(* In the setting where delays are available at action time, run Skipper$(\beta,\mathrm{DEW}(\eta,\beta))$ tuned by the scheme Doubling described in the context. Then for every epoch $m$ that is not the final epoch, $$\mathrm{Bound}_m(\beta_m)\le 3\sqrt{\omega_m}\le 3\,\mathrm{Bound}_m(\beta_m^* )+2e^2K\ln K+1,$$ where $\beta_m^*\in\arg\min_{\beta>0}\mathrm{Bound}_m(\beta)$.
   Context: Setting: fix integers $K\ge 2$, $T\ge 1$, $[K]=\{1,\dots,K\}$. An oblivious adversary fixes in advance losses $\ell_t^a\in[0,1]$ and nonnegative integer delays $d_t$. In each round $t$ the delay $d_t$ is revealed to the learner at the beginning of the round (delay available at action time); the learner then picks (possibly at random) $A_t\in[K]$, suffers $\ell_t^{A_t}$, and at the end of round $t$ observes the pairs $(s,\ell_s^{A_s})$ for all $s\le t$ with $s+d_s=t$. Algorithm DEW with inputs $\eta>0$ and $d_{\max}$: $\eta'=\min\{\eta,(4e\,d_{\max})^{-1}\}$, $w_0^a=1$; in round $t$ play $A_t\sim p_t$ with $p_t^a=w_{t-1}^a/\sum_b w_{t-1}^b$; at the end of the round, for each received pair $(s,\ell_s^{A_s})$ form $\hat\ell_s^a=\ell_s^a\mathbb 1(a=A_s)/p_s^a$ and update $w_t^a=w_{t-1}^a\exp(-\eta'\sum_s\hat\ell_s^a)$ (sum over pairs received in round $t$). Skipper$(\beta,\mathcal A)$ plays the actions of the base algorithm $\mathcal A$ and forwards to $\mathcal A$ only the pairs $(s,\ell_s^{A_s})$ with $d_s<\beta$. Skipper$(\beta,\mathrm{DEW}(\eta,\beta))$ uses DEW with learning rate $\eta$ and $d_{\max}=\beta$. Doubling: rounds are partitioned into consecutive epochs indexed by $m$, with $\omega_m=2^m$, $\beta_m=\sqrt{\omega_m}/(4e\ln K)$ and $\eta_m=1/(4e\beta_m)$; in each epoch a fresh copy of Skipper$(\beta_m,\mathrm{DEW}(\eta_m,\beta_m))$ is run. For epoch $m$ let $\sigma(m)$ be its number of rounds, $S^m_\beta$ the set of its rounds with $d_t\ge\beta$, and $D^m_\beta$ the sum of $d_t$ over its rounds with $d_t<\beta$. At the beginning of each round $t$, after $d_t$ is revealed, the algorithm stays in the current epoch $m$ if, with round $t$ included in epoch $m$, $$\max\Big\{|S^m_{\beta_m}|^2,\ \Big(\tfrac{eK\sigma(m)}{2}+D^m_{\beta_m}\Big)\ln K\Big\}\le\omega_m;$$ otherwise a new epoch (with a larger index) is started at round $t$, before $A_t$ is selected. For an epoch $m$ define $$\mathrm{Bound}_m(\beta)=|S^m_\beta|+4e\beta\ln K+\frac{\sigma(m)eK/2+D^m_\beta}{4e\beta}.$$ *)

theory Defs
  imports Complex_Main
begin

text \<open>Delays are given by d :: nat => nat (round t has delay d t, rounds 1..T). Everything below depends only on the delays and K;
  the losses and the learner's randomness play no role.\<close>

definition omega :: "nat \<Rightarrow> real" where
  "omega m = 2 ^ m"

definition beta_ep :: "nat \<Rightarrow> nat \<Rightarrow> real" where
  "beta_ep K m = sqrt (omega m) / (4 * exp 1 * ln (real K))"

definition eta_ep :: "nat \<Rightarrow> nat \<Rightarrow> real" where
  "eta_ep K m = 1 / (4 * exp 1 * beta_ep K m)"

definition S_set :: "(nat \<Rightarrow> nat) \<Rightarrow> nat set \<Rightarrow> real \<Rightarrow> nat set" where
  "S_set d A b = {t \<in> A. b \<le> real (d t)}"

definition D_sum :: "(nat \<Rightarrow> nat) \<Rightarrow> nat set \<Rightarrow> real \<Rightarrow> real" where
  "D_sum d A b = (\<Sum>t\<in>{t \<in> A. real (d t) < b}. real (d t))"

definition epoch_cond :: "nat \<Rightarrow> (nat \<Rightarrow> nat) \<Rightarrow> nat \<Rightarrow> nat set \<Rightarrow> bool" where
  "epoch_cond K d m A \<longleftrightarrow>
     max ((real (card (S_set d A (beta_ep K m))))^2)
         ((exp 1 * real K * real (card A) / 2 + D_sum d A (beta_ep K m)) * ln (real K))
     \<le> omega m"

definition Bound :: "nat \<Rightarrow> (nat \<Rightarrow> nat) \<Rightarrow> nat set \<Rightarrow> real \<Rightarrow> real" where
  "Bound K d A b = real (card (S_set d A b)) + 4 * exp 1 * b * ln (real K)
     + (real (card A) * exp 1 * real K / 2 + D_sum d A b) / (4 * exp 1 * b)"

text \<open>A run of the doubling scheme over rounds 1..T: n epochs, epoch j consists of the
  rounds s j, ..., s (Suc j) - 1 and has index idx j (strictly increasing).  Within an
  epoch the condition holds for every prefix (so the algorithm stays); at the first round
  of every later epoch the condition for the previous epoch (with that round included)
  fails (so a new epoch is started).\<close>
definition doubling_run ::
  "nat \<Rightarrow> nat \<Rightarrow> (nat \<Rightarrow> nat) \<Rightarrow> nat \<Rightarrow> (nat \<Rightarrow> nat) \<Rightarrow> (nat \<Rightarrow> nat) \<Rightarrow> bool" where
  "doubling_run K T d n s idx \<longleftrightarrow>
     1 \<le> n \<and> s 0 = 1 \<and> s n = T + 1 \<and>
     (\<forall>j<n. s j < s (Suc j)) \<and>
     (\<forall>j. Suc j < n \<longrightarrow> idx j < idx (Suc j)) \<and>
     (\<forall>j<n. \<forall>t. s j \<le> t \<and> t < s (Suc j) \<longrightarrow> epoch_cond K d (idx j) {s j..t}) \<and>
     (\<forall>j. Suc j < n \<longrightarrow> \<not> epoch_cond K d (idx j) {s j..s (Suc j)})"

end

theory Submission
  imports Defs
begin

text \<open>Write \<open>u = sqrt \<omega>\<^sub>m\<close>; the tuning is chosen so that \<open>4 e \<beta>\<^sub>m ln K = u\<close>. While the epoch
  condition holds, each of the three terms of \<open>Bound\<^sub>m(\<beta>\<^sub>m)\<close> is at most \<open>u\<close>. For the lower
  bound, the condition fails once the next round is added, and one round raises \<open>|S\<^sub>\<beta>|\<close> by at
  most one and the numerator \<open>\<sigma> e K/2 + D\<^sub>\<beta>\<close> by at most \<open>e K/2 + \<beta>\<close>. For \<open>\<beta> \<ge> \<beta>\<^sub>m\<close> the middle
  term of \<open>Bound\<^sub>m(\<beta>)\<close> is already \<open>\<ge> u\<close>; for \<open>\<beta> < \<beta>\<^sub>m\<close> the rounds with \<open>\<beta> \<le> d\<^sub>t < \<beta>\<^sub>m\<close> move
  from \<open>D\<close> to \<open>S\<close>, and AM-GM on the last two terms of \<open>Bound\<^sub>m(\<beta>)\<close> yields \<open>Bound\<^sub>m(\<beta>) \<ge> u - 1\<close>
  as soon as \<open>u\<close> dominates \<open>e K ln K\<close>; otherwise \<open>3u\<close> is absorbed by the additive constant.\<close>

definition load :: "nat \<Rightarrow> (nat \<Rightarrow> nat) \<Rightarrow> nat set \<Rightarrow> real \<Rightarrow> real" where
  "load K d A b = real (card A) * exp 1 * real K / 2 + D_sum d A b"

+ + +

** ASSIGNED TASK **
Please transcribe each entry exactly, keeping every word as it is.

** OUTPUT OF THE TASK **
(* In the setting where delays are available at action time, run Skipper$(\beta,\mathrm{DEW}(\eta,\beta))$ tuned by the scheme Doubling described in the context. Then for every epoch $m$ that is not the final epoch, $$\mathrm{Bound}_m(\beta_m)\le 3\sqrt{\omega_m}\le 3\,\mathrm{Bound}_m(\beta_m^* )+2e^2K\ln K+1,$$ where $\beta_m^*\in\arg\min_{\beta>0}\mathrm{Bound}_m(\beta)$.
   Context: Setting: fix integers $K\ge 2$, $T\ge 1$, $[K]=\{1,\dots,K\}$. An oblivious adversary fixes in advance losses $\ell_t^a\in[0,1]$ and nonnegative integer delays $d_t$. In each round $t$ the delay $d_t$ is revealed to the learner at the beginning of the round (delay available at action time); the learner then picks (possibly at random) $A_t\in[K]$, suffers $\ell_t^{A_t}$, and at the end of round $t$ observes the pairs $(s,\ell_s^{A_s})$ for all $s\le t$ with $s+d_s=t$. Algorithm DEW with inputs $\eta>0$ and $d_{\max}$: $\eta'=\min\{\eta,(4e\,d_{\max})^{-1}\}$, $w_0^a=1$; in round $t$ play $A_t\sim p_t$ with $p_t^a=w_{t-1}^a/\sum_b w_{t-1}^b$; at the end of the round, for each received pair $(s,\ell_s^{A_s})$ form $\hat\ell_s^a=\ell_s^a\mathbb 1(a=A_s)/p_s^a$ and update $w_t^a=w_{t-1}^a\exp(-\eta'\sum_s\hat\ell_s^a)$ (sum over pairs received in round $t$). Skipper$(\beta,\mathcal A)$ plays the actions of the base algorithm $\mathcal A$ and forwards to $\mathcal A$ only the pairs $(s,\ell_s^{A_s})$ with $d_s<\beta$. Skipper$(\beta,\mathrm{DEW}(\eta,\beta))$ uses DEW with learning rate $\eta$ and $d_{\max}=\beta$. Doubling: rounds are partitioned into consecutive epochs indexed by $m$, with $\omega_m=2^m$, $\beta_m=\sqrt{\omega_m}/(4e\ln K)$ and $\eta_m=1/(4e\beta_m)$; in each epoch a fresh copy of Skipper$(\beta_m,\mathrm{DEW}(\eta_m,\beta_m))$ is run. For epoch $m$ let $\sigma(m)$ be its number of rounds, $S^m_\beta$ the set of its rounds with $d_t\ge\beta$, and $D^m_\beta$ the sum of $d_t$ over its rounds with $d_t<\beta$. At the beginning of each round $t$, after $d_t$ is revealed, the algorithm stays in the current epoch $m$ if, with round $t$ included in epoch $m$, $$\max\Big\{|S^m_{\beta_m}|^2,\ \Big(\tfrac{eK\sigma(m)}{2}+D^m_{\beta_m}\Big)\ln K\Big\}\le\omega_m;$$ otherwise a new epoch (with a larger index) is started at round $t$, before $A_t$ is selected. For an epoch $m$ define $$\mathrm{Bound}_m(\beta)=|S^m_\beta|+4e\beta\ln K+\frac{\sigma(m)eK/2+D^m_\beta}{4e\beta}.$$ *)

theory Defs
  imports Complex_Main
begin

text \<open>Delays are given by d :: nat => nat (round t has delay d t, rounds 1..T). Everything below depends only on the delays and K;
  the losses and the learner's randomness play no role.\<close>

definition omega :: "nat \<Rightarrow> real" where
  "omega m = 2 ^ m"

definition beta_ep :: "nat \<Rightarrow> nat \<Rightarrow> real" where
  "beta_ep K m = sqrt (omega m) / (4 * exp 1 * ln (real K))"

definition eta_ep :: "nat \<Rightarrow> nat \<Rightarrow> real" where
  "eta_ep K m = 1 / (4 * exp 1 * beta_ep K m)"

definition S_set :: "(nat \<Rightarrow> nat) \<Rightarrow> nat set \<Rightarrow> real \<Rightarrow> nat set" where
  "S_set d A b = {t \<in> A. b \<le> real (d t)}"

definition D_sum :: "(nat \<Rightarrow> nat) \<Rightarrow> nat set \<Rightarrow> real \<Rightarrow> real" where
  "D_sum d A b = (\<Sum>t\<in>{t \<in> A. real (d t) < b}. real (d t))"

definition epoch_cond :: "nat \<Rightarrow> (nat \<Rightarrow> nat) \<Rightarrow> nat \<Rightarrow> nat set \<Rightarrow> bool" where
  "epoch_cond K d m A \<longleftrightarrow>
     max ((real (card (S_set d A (beta_ep K m))))^2)
         ((exp 1 * real K * real (card A) / 2 + D_sum d A (beta_ep K m)) * ln (real K))
     \<le> omega m"

definition Bound :: "nat \<Rightarrow> (nat \<Rightarrow> nat) \<Rightarrow> nat set \<Rightarrow> real \<Rightarrow> real" where
  "Bound K d A b = real (card (S_set d A b)) + 4 * exp 1 * b * ln (real K)
     + (real (card A) * exp 1 * real K / 2 + D_sum d A b) / (4 * exp 1 * b)"

text \<open>A run of the doubling scheme over rounds 1..T: n epochs, epoch j consists of the
  rounds s j, ..., s (Suc j) - 1 and has index idx j (strictly increasing).  Within an
  epoch the condition holds for every prefix (so the algorithm stays); at the first round
  of every later epoch the condition for the previous epoch (with that round included)
  fails (so a new epoch is started).\<close>
definition doubling_run ::
  "nat \<Rightarrow> nat \<Rightarrow> (nat \<Rightarrow> nat) \<Rightarrow> nat \<Rightarrow> (nat \<Rightarrow> nat) \<Rightarrow> (nat \<Rightarrow> nat) \<Rightarrow> bool" where
  "doubling_run K T d n s idx \<longleftrightarrow>
     1 \<le> n \<and> s 0 = 1 \<and> s n = T + 1 \<and>
     (\<forall>j<n. s j < s (Suc j)) \<and>
     (\<forall>j. Suc j < n \<longrightarrow> idx j < idx (Suc j)) \<and>
     (\<forall>j<n. \<forall>t. s j \<le> t \<and> t < s (Suc j) \<longrightarrow> epoch_cond K d (idx j) {s j..t}) \<and>
     (\<forall>j. Suc j < n \<longrightarrow> \<not> epoch_cond K d (idx j) {s j..s (Suc j)})"

end

theory Submission
  imports Defs
begin

text \<open>Write \<open>u = sqrt \<omega>\<^sub>m\<close>; the tuning is chosen so that \<open>4 e \<beta>\<^sub>m ln K = u\<close>. While the epoch
  condition holds, each of the three terms of \<open>Bound\<^sub>m(\<beta>\<^sub>m)\<close> is at most \<open>u\<close>. For the lower
  bound, the condition fails once the next round is added, and one round raises \<open>|S\<^sub>\<beta>|\<close> by at
  most one and the numerator \<open>\<sigma> e K/2 + D\<^sub>\<beta>\<close> by at most \<open>e K/2 + \<beta>\<close>. For \<open>\<beta> \<ge> \<beta>\<^sub>m\<close> the middle
  term of \<open>Bound\<^sub>m(\<beta>)\<close> is already \<open>\<ge> u\<close>; for \<open>\<beta> < \<beta>\<^sub>m\<close> the rounds with \<open>\<beta> \<le> d\<^sub>t < \<beta>\<^sub>m\<close> move
  from \<open>D\<close> to \<open>S\<close>, and AM-GM on the last two terms of \<open>Bound\<^sub>m(\<beta>)\<close> yields \<open>Bound\<^sub>m(\<beta>) \<ge> u - 1\<close>
  as soon as \<open>u\<close> dominates \<open>e K ln K\<close>; otherwise \<open>3u\<close> is absorbed by the additive constant.\<close>

definition load :: "nat \<Rightarrow> (nat \<Rightarrow> nat) \<Rightarrow> nat set \<Rightarrow> real \<Rightarrow> real" where
  "load K d A b = real (card A) * exp 1 * real K / 2 + D_sum d A b"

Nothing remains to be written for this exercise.